EXERCISE REQUIREMENTS: Exactly the lines from the one containing "(x + y) = Im1" through the end of the entries, both ends included, are to be output.

DATA SECTION:
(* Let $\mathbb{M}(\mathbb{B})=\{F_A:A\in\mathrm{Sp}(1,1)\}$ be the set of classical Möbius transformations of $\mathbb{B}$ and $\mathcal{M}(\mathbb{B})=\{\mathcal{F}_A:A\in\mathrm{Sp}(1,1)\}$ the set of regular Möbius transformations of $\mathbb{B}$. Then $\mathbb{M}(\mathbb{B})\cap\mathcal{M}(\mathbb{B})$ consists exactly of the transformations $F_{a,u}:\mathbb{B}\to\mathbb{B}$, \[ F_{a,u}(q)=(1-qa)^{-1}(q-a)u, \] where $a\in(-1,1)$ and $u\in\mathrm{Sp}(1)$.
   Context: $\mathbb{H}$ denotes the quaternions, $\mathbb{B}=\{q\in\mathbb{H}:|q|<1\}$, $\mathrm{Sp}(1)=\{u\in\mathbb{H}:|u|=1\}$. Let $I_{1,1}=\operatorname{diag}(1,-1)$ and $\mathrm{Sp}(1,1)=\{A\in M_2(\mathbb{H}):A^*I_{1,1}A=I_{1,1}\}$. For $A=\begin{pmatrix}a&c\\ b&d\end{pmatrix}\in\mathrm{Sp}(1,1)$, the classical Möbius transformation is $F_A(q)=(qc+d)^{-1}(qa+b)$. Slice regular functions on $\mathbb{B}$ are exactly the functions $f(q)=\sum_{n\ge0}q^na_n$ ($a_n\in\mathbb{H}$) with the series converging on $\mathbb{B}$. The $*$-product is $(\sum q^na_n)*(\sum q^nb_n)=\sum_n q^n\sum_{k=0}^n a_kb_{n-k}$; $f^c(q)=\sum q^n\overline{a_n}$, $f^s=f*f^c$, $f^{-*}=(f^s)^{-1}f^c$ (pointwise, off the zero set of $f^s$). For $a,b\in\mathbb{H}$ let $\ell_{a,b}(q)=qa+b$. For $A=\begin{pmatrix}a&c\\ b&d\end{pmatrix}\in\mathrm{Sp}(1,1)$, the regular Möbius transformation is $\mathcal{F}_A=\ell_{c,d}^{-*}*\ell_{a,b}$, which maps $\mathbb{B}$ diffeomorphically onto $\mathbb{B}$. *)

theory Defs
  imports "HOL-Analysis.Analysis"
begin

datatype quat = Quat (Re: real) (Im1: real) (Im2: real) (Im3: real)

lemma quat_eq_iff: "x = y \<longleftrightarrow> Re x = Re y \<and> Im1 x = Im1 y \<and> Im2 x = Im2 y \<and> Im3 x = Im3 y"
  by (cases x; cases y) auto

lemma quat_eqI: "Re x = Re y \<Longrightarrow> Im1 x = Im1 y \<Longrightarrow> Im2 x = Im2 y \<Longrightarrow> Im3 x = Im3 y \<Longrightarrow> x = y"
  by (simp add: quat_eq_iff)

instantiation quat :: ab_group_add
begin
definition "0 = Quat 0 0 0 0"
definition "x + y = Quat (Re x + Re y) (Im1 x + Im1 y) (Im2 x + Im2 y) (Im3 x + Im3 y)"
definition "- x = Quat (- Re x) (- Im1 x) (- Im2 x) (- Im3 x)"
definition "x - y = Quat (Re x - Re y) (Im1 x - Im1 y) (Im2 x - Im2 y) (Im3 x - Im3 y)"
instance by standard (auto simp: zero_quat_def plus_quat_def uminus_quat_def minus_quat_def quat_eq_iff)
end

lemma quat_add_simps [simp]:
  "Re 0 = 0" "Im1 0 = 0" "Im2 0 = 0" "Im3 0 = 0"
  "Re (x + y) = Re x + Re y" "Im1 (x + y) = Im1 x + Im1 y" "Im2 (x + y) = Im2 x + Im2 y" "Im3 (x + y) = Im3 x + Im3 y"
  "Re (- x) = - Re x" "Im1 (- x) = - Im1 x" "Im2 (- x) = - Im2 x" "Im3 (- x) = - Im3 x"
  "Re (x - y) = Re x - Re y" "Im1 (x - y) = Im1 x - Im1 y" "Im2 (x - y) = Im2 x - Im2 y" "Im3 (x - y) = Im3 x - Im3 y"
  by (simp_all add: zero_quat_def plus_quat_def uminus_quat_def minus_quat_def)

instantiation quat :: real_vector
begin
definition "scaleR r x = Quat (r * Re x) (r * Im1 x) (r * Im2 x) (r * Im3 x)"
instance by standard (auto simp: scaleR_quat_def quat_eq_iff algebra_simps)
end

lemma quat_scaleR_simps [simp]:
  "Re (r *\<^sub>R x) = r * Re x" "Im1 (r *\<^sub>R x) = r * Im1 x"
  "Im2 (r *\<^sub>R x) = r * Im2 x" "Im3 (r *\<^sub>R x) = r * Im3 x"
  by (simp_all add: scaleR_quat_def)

TASK SOLUTION:
  "Re (x + y) = Re x + Re y" "Im1 (x + y) = Im1 x + Im1 y" "Im2 (x + y) = Im2 x + Im2 y" "Im3 (x + y) = Im3 x + Im3 y"
  "Re (- x) = - Re x" "Im1 (- x) = - Im1 x" "Im2 (- x) = - Im2 x" "Im3 (- x) = - Im3 x"
  "Re (x - y) = Re x - Re y" "Im1 (x - y) = Im1 x - Im1 y" "Im2 (x - y) = Im2 x - Im2 y" "Im3 (x - y) = Im3 x - Im3 y"
  by (simp_all add: zero_quat_def plus_quat_def uminus_quat_def minus_quat_def)

instantiation quat :: real_vector
begin
definition "scaleR r x = Quat (r * Re x) (r * Im1 x) (r * Im2 x) (r * Im3 x)"
instance by standard (auto simp: scaleR_quat_def quat_eq_iff algebra_simps)
end

lemma quat_scaleR_simps [simp]:
  "Re (r *\<^sub>R x) = r * Re x" "Im1 (r *\<^sub>R x) = r * Im1 x"
  "Im2 (r *\<^sub>R x) = r * Im2 x" "Im3 (r *\<^sub>R x) = r * Im3 x"
  by (simp_all add: scaleR_quat_def)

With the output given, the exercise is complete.